Moeda terminou com alta de 0,36%, para R$ 2,226, influenciado pela resultado das transações correntes e indicadores dos EUA

Álvaro Campos, Agência Estado

24 de junho de 2014 | 17h05

O dólar fechou em alta ante o real nesta terça-feira, beneficiado por uma conjunção de fatores. Além de o Brasil ter registrado o maior déficit em transações correntes da história em maio e no acumulado dos cinco primeiros meses do ano, o que pressiona a moeda brasileira, o dólar foi beneficiado por indicadores positivos sobre a economia dos EUA e a busca por segurança, em função das tensões no Iraque.

O dólar à vista no balcão terminou com alta de 0,36%, na máxima de R$ 2,2260. O giro estava em US$ 1,83 bilhão por volta das 16h30, segundo dados da clearing de câmbio da BM&FBovespa. No mercado futuro, o dólar para julho avançava 0,34%, a R$ 2,2300. O volume de negociação era de quase US$ 12,97 bilhões.

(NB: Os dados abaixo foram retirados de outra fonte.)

theorem mainTheorem5:
  fixes vs :: "lpt list" and \<xi> \<sigma> T1 T2 :: "lpt set set"
    and x y1 z1 w1 y2 z2 w2 :: "real \<times> real"
  assumes "lattice_polygon vs"
    and "boundary_condition vs \<xi>"
    and "\<sigma> \<in> Omega vs \<xi>"
    and "x \<in> F_dec vs \<sigma> \<union> F_diag vs \<sigma>"
    and "tri_of vs \<sigma> T1" and "T1 = {edge_at \<sigma> y1, edge_at \<sigma> z1, edge_at \<sigma> w1}"
    and "l1len (edge_at \<sigma> y1) > l1len (edge_at \<sigma> z1)"
    and "l1len (edge_at \<sigma> z1) \<ge> l1len (edge_at \<sigma> w1)"
    and "tri_of vs \<sigma> T2" and "T2 = {edge_at \<sigma> y2, edge_at \<sigma> z2, edge_at \<sigma> w2}"
    and "l1len (edge_at \<sigma> y2) > l1len (edge_at \<sigma> z2)"
    and "l1len (edge_at \<sigma> z2) \<ge> l1len (edge_at \<sigma> w2)"
    and "{y1, z1, w1, y2, z2, w2} \<subseteq> infl_nodes vs \<sigma> x"
    and "(y1, z1) \<in> infl vs \<sigma> x" and "(y1, w1) \<in> infl vs \<sigma> x"
    and "(y2, z2) \<in> infl vs \<sigma> x" and "(y2, w2) \<in> infl vs \<sigma> x"
    and "(y1, y2) \<in> (infl vs \<sigma> x)\<^sup>+"
  shows "l1len (edge_at \<sigma> w1) \<ge> l1len (edge_at \<sigma> w2)"
proof -
  have val: "\<forall>e\<in>\<sigma>. valid_edge vs e" and pd: "pairwise_disj \<sigma>"
    using assms(3) unfolding Omega_def triangulation_def by simp_all
  have root_longest: "\<And>T. tri_of vs \<sigma> T \<Longrightarrow> edge_at \<sigma> x \<in> T \<Longrightarrow> longest T (edge_at \<sigma> x)"
    using assms(4) unfolding F_dec_def F_diag_def by blast
  obtain A where A: "tri_of vs \<sigma> A" "edge_at \<sigma> y2 \<in> A" "\<not> longest A (edge_at \<sigma> y2)"
      "Min (l1len ` A) \<le> Min (l1len ` T1)"
    using infl_descendant_Min_le[OF val pd root_longest assms(5) _ assms(18)] assms(6) by blast
  have y2: "edge_at \<sigma> y2 \<in> T2" "longest T2 (edge_at \<sigma> y2)"
    using assms(10-12) unfolding longest_def by auto
  then have "Min (l1len ` T2) \<le> Min (l1len ` A)"
    using adjacent_tri_Min_le[OF val A(1) assms(9) _ A(2)] A(3) by blast
  moreover have "Min (l1len ` T1) = l1len (edge_at \<sigma> w1)" "Min (l1len ` T2) = l1len (edge_at \<sigma> w2)"
    using assms(6-8,10-12) by simp_all
  ultimately show ?thesis
    using A(4) by linarith
qed

end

O índice ICE Dollar, que pesa a moeda norte-americana ante uma cesta de seis principais rivais, tinha alta de 0,09%, aos 80,34 pontos. O dólar também subia de maneira generalizada ante as principais moedas emergentes e de países exportadores de commodities, com destaque para os ganhos ante o dólar australiano (+0,56%), o dólar neozelandês (+0,51%) e o rand sul-africano (+0,59%).

O Banco Central informou hoje que o País teve um déficit de US$ 6,635 bilhões em maio, o maior para meses de maio da série história, iniciada em 1947. O rombo no acumulado dos cinco primeiros meses do ano, de US$ 40,074 bilhões, também é recorde. Operadores citaram ainda uma saída de recursos do País pela manhã, que estaria relacionada com a Petrobras.

No exterior, dados positivos dos EUA também ajudaram o dólar. O índice de confiança do consumidor medido pelo Conference Board subiu para 85,2 em junho, de 82,2 em maio, acima das previsões de economistas consultados pela Dow Jones, de 83,5. As vendas de moradias novas, por sua vez, subiram para 504 mil em maio, alta de 18,6% ante o mês anterior, acima das estimativas de aumento para 435 mil imóveis novos. O avanço foi o maior em 22 anos.